[TASK INPUTS — start]

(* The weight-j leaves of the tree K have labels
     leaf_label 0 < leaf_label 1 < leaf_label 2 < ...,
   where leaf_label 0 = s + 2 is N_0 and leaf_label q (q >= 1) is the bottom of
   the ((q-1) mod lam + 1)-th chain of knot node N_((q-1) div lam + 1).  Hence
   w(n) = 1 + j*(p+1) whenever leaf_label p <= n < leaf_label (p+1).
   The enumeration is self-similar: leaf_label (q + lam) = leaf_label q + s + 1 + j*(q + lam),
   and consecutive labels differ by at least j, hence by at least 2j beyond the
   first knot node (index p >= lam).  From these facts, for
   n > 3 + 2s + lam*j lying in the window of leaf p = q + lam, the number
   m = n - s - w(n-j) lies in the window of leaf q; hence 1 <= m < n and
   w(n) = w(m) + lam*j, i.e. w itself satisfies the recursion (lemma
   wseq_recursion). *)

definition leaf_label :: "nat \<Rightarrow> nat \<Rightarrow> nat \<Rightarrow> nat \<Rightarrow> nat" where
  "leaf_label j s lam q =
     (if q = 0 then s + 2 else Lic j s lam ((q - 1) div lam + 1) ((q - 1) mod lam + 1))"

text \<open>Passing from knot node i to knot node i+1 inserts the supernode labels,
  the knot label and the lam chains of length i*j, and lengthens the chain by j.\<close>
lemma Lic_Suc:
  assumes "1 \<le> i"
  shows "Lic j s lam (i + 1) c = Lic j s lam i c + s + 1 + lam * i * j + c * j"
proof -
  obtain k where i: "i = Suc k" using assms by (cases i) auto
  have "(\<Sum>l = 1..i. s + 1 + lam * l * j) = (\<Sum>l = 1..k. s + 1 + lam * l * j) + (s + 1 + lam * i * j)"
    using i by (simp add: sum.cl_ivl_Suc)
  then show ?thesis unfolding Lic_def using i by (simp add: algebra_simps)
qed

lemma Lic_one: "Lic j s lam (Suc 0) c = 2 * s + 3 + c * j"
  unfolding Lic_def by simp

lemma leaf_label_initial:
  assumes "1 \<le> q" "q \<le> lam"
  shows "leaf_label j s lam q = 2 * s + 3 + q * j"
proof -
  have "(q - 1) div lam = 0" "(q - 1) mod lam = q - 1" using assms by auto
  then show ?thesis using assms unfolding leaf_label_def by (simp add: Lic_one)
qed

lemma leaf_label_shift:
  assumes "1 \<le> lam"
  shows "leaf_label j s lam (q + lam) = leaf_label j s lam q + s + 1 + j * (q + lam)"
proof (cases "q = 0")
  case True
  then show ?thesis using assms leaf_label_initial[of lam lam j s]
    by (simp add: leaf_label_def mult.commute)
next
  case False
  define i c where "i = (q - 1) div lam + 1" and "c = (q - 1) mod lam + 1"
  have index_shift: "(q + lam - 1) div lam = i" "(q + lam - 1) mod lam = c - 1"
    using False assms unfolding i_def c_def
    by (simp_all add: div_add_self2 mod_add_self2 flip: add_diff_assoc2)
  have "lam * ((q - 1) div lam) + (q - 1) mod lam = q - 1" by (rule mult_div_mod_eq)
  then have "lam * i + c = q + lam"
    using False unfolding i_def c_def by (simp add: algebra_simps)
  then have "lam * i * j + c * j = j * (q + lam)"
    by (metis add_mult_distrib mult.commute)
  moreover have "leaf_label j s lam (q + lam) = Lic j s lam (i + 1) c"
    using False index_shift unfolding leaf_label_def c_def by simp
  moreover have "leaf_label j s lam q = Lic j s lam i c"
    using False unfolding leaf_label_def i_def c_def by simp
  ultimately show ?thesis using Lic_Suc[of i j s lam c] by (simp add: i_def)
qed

[TASK INPUTS — finish]
[TASK INPUTS — start]

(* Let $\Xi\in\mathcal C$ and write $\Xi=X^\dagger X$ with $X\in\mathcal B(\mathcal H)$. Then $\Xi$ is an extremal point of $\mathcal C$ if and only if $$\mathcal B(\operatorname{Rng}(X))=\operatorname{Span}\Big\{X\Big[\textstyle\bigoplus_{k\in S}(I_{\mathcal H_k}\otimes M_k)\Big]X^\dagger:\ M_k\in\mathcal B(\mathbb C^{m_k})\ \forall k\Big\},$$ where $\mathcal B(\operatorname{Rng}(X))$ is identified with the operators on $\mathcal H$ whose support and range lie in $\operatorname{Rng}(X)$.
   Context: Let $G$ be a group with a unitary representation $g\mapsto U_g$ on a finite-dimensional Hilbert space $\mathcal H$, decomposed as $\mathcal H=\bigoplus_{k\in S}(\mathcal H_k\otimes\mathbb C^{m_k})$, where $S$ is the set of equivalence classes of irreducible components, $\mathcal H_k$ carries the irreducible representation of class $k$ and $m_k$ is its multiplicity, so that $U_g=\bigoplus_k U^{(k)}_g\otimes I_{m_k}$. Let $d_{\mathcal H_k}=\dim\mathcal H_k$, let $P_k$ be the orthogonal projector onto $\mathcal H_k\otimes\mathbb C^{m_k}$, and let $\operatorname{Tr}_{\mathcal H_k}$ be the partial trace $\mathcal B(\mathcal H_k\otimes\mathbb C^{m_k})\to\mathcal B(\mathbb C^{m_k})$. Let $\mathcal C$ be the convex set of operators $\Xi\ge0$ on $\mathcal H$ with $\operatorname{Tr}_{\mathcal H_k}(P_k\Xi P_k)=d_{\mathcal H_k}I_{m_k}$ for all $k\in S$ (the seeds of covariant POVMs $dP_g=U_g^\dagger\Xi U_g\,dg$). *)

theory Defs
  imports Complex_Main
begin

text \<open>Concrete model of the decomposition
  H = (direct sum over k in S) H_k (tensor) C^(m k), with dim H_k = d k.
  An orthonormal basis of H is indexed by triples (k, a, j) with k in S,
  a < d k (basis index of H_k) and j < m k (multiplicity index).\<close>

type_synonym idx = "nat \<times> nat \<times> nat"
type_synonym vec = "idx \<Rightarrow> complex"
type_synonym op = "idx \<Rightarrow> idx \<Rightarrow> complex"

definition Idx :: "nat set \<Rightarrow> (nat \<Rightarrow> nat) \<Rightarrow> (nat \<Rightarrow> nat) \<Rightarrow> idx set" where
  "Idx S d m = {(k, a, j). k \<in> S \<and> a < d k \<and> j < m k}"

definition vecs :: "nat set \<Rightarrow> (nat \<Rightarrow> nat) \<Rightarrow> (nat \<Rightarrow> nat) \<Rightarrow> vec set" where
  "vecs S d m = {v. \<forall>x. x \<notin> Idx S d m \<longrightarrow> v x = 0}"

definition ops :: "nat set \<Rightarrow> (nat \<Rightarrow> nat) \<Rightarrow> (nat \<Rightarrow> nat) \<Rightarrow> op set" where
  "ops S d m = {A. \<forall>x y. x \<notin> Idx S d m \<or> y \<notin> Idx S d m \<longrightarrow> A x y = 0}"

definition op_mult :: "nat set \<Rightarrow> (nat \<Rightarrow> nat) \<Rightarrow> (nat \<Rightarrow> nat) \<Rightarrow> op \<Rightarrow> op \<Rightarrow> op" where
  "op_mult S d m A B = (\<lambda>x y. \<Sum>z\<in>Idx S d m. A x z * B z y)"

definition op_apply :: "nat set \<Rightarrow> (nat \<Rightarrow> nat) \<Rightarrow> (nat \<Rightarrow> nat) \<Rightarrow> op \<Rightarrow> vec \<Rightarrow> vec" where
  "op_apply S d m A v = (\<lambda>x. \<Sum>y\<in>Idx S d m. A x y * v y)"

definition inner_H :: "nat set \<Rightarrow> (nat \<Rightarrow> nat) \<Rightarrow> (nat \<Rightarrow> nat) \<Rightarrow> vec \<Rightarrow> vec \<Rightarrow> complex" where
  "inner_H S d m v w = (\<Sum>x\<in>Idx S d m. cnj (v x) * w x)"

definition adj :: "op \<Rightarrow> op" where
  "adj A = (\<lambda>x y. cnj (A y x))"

[TASK INPUTS — finish]

**TASK ITEM**
Please give an exact copy of the entries above, from the line with "the ((q-1) mod" down to the line with "lam (Suc 0)", inclusive, and nothing else.

**OUTPUT OF THE EXERCISE**
   the ((q-1) mod lam + 1)-th chain of knot node N_((q-1) div lam + 1).  Hence
   w(n) = 1 + j*(p+1) whenever leaf_label p <= n < leaf_label (p+1).
   The enumeration is self-similar: leaf_label (q + lam) = leaf_label q + s + 1 + j*(q + lam),
   and consecutive labels differ by at least j, hence by at least 2j beyond the
   first knot node (index p >= lam).  From these facts, for
   n > 3 + 2s + lam*j lying in the window of leaf p = q + lam, the number
   m = n - s - w(n-j) lies in the window of leaf q; hence 1 <= m < n and
   w(n) = w(m) + lam*j, i.e. w itself satisfies the recursion (lemma
   wseq_recursion). *)

definition leaf_label :: "nat \<Rightarrow> nat \<Rightarrow> nat \<Rightarrow> nat \<Rightarrow> nat" where
  "leaf_label j s lam q =
     (if q = 0 then s + 2 else Lic j s lam ((q - 1) div lam + 1) ((q - 1) mod lam + 1))"

text \<open>Passing from knot node i to knot node i+1 inserts the supernode labels,
  the knot label and the lam chains of length i*j, and lengthens the chain by j.\<close>
lemma Lic_Suc:
  assumes "1 \<le> i"
  shows "Lic j s lam (i + 1) c = Lic j s lam i c + s + 1 + lam * i * j + c * j"
proof -
  obtain k where i: "i = Suc k" using assms by (cases i) auto
  have "(\<Sum>l = 1..i. s + 1 + lam * l * j) = (\<Sum>l = 1..k. s + 1 + lam * l * j) + (s + 1 + lam * i * j)"
    using i by (simp add: sum.cl_ivl_Suc)
  then show ?thesis unfolding Lic_def using i by (simp add: algebra_simps)
qed

lemma Lic_one: "Lic j s lam (Suc 0) c = 2 * s + 3 + c * j"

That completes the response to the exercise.